• _Task details_: Take every line containing "that" out of the records.

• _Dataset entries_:
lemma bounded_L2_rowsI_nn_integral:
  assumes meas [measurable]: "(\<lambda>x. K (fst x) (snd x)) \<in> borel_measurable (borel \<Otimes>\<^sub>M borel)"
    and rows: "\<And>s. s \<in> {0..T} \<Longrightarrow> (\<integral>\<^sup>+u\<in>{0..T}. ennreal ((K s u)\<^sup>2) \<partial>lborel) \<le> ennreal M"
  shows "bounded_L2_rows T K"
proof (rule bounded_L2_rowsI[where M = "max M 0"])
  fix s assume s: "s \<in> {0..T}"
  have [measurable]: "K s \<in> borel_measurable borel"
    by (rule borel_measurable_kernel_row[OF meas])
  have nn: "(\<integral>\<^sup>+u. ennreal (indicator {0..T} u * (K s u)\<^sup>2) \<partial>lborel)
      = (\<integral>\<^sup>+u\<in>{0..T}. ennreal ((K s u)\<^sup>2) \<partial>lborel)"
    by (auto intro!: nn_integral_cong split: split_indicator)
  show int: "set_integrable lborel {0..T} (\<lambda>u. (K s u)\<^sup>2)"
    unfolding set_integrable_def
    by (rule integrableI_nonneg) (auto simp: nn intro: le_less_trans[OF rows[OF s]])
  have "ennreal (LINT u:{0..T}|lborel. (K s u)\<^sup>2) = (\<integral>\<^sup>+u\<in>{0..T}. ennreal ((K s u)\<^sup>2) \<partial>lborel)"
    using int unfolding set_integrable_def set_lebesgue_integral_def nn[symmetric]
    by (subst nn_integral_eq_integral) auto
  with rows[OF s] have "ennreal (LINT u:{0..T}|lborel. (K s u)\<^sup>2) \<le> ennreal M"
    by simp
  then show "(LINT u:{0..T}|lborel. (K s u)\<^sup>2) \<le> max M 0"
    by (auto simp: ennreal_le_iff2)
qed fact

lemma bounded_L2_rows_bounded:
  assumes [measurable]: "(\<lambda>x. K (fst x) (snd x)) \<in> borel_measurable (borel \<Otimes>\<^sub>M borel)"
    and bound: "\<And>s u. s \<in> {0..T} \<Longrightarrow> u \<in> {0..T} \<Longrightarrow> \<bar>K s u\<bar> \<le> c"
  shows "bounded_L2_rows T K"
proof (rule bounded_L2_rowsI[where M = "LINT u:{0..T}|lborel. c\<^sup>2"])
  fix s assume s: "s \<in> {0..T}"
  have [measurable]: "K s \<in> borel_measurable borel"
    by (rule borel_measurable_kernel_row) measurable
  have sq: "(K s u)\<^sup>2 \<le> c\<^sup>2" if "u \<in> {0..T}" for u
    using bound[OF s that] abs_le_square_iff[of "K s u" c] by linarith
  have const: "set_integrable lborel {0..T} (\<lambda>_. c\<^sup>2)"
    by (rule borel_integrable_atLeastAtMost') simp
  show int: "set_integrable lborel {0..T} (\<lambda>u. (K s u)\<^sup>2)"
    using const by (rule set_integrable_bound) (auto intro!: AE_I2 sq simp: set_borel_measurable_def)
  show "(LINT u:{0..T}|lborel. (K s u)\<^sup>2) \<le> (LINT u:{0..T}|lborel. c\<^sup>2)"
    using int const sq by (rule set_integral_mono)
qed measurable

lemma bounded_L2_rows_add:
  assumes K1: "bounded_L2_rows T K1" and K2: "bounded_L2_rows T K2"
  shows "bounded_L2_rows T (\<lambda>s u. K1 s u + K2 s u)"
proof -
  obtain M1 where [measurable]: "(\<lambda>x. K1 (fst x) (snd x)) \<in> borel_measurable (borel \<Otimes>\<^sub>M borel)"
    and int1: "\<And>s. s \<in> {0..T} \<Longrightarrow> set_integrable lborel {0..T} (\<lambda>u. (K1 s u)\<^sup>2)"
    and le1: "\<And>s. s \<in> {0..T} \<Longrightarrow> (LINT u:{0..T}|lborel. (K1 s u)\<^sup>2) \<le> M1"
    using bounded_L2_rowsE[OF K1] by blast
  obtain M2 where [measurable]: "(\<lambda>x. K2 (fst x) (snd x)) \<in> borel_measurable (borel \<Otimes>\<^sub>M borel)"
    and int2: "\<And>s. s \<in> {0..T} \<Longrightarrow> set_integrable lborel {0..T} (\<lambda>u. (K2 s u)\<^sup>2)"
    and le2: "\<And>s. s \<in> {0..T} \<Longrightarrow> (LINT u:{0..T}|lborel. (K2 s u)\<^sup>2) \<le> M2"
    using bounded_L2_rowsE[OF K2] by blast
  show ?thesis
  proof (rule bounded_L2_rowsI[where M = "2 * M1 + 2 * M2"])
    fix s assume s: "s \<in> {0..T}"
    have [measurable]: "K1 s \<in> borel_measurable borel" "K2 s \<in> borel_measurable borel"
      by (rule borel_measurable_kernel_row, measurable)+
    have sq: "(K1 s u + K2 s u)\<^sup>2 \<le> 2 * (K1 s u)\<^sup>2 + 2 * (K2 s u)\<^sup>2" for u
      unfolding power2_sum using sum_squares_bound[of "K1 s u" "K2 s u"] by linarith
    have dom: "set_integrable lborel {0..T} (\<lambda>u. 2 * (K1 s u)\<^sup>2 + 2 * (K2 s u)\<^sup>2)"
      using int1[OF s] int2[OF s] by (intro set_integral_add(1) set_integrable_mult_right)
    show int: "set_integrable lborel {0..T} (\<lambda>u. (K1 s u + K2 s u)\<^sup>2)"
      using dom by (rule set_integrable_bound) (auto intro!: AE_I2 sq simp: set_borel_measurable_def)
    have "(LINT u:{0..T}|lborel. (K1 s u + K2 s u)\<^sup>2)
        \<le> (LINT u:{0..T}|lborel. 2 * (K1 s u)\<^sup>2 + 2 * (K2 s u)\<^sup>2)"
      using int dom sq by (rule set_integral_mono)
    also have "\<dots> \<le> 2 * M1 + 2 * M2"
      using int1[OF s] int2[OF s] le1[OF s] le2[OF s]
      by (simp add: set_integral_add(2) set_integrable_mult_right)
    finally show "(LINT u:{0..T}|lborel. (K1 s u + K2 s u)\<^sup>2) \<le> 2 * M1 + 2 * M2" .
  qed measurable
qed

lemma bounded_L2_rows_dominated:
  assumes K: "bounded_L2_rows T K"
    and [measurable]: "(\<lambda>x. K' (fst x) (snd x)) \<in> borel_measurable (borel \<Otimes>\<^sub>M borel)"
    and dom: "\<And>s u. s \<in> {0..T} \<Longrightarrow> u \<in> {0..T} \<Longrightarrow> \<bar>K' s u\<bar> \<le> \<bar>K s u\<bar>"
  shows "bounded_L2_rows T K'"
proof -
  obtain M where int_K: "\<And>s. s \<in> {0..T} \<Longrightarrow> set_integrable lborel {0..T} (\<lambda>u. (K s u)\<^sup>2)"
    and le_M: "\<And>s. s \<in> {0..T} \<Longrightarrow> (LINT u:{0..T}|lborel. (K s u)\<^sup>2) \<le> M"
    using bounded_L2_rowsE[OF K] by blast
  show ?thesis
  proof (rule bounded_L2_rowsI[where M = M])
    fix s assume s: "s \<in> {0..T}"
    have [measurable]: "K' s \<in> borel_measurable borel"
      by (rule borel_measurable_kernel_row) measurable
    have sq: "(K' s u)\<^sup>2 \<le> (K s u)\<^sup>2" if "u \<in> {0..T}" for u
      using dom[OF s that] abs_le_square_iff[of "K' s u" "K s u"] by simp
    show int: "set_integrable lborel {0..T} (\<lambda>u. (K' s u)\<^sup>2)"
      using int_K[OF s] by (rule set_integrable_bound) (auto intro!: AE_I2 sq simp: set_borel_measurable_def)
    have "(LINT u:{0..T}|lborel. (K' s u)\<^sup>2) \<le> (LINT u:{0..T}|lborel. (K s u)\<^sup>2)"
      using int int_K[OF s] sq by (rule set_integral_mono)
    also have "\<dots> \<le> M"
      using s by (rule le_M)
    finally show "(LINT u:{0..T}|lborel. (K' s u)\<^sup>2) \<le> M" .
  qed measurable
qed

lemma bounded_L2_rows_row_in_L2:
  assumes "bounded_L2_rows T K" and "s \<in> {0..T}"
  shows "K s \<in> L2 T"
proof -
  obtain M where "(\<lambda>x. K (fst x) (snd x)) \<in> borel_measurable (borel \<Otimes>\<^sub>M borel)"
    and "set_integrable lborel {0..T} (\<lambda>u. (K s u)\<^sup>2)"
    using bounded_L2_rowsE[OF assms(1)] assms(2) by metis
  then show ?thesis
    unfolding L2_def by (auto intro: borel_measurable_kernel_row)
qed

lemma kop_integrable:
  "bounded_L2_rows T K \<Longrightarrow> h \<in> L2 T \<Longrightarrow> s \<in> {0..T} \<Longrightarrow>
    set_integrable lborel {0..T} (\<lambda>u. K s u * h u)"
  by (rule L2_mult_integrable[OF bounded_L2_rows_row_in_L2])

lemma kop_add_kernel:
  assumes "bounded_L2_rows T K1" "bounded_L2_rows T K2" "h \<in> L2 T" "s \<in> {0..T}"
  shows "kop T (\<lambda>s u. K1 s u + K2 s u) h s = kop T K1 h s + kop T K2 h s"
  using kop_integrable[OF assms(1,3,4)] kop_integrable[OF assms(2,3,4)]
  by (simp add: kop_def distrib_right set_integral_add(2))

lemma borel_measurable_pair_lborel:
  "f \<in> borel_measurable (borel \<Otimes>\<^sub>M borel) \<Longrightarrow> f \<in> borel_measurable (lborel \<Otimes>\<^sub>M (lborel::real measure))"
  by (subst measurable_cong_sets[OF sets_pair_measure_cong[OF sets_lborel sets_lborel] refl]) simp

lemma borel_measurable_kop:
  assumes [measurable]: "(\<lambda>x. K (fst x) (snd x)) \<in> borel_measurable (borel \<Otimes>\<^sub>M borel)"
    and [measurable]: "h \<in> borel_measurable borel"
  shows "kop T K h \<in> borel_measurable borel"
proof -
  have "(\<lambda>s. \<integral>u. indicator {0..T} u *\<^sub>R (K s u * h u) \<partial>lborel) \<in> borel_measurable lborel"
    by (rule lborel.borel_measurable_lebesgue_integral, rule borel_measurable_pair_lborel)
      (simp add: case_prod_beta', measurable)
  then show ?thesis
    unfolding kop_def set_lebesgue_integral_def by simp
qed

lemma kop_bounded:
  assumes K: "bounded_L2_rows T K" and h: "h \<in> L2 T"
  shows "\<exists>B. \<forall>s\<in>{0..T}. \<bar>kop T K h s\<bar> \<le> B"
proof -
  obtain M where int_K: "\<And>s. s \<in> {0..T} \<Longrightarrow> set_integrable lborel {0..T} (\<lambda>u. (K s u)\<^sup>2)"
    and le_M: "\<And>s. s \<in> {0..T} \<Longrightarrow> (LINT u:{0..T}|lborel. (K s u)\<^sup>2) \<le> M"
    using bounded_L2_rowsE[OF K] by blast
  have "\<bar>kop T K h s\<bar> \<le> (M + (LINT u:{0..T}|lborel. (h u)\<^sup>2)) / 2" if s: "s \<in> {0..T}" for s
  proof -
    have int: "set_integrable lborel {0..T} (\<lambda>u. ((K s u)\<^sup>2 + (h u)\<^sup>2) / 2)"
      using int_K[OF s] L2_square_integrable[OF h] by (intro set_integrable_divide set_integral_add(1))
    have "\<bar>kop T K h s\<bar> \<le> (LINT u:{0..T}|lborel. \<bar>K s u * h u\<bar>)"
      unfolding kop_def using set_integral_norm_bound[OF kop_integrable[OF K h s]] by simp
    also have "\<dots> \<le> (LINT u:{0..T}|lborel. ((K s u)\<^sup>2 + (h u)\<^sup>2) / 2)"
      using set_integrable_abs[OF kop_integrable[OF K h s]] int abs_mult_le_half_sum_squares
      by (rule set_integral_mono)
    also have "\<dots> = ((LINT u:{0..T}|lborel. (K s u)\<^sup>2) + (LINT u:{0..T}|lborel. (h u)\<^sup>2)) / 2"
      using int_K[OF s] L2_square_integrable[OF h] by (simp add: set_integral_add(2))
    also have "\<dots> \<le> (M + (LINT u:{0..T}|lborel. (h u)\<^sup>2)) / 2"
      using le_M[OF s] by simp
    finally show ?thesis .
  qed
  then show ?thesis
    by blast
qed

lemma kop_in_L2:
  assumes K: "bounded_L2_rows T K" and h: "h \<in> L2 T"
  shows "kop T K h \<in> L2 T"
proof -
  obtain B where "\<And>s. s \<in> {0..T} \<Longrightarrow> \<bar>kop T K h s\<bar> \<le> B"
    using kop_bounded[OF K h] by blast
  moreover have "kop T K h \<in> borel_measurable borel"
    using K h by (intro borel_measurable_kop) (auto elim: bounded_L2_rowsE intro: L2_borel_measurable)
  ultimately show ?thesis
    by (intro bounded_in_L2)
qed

• _Written answer_:
    using bound[OF s that] abs_le_square_iff[of "K s u" c] by linarith
      using dom[OF s that] abs_le_square_iff[of "K' s u" "K s u"] by simp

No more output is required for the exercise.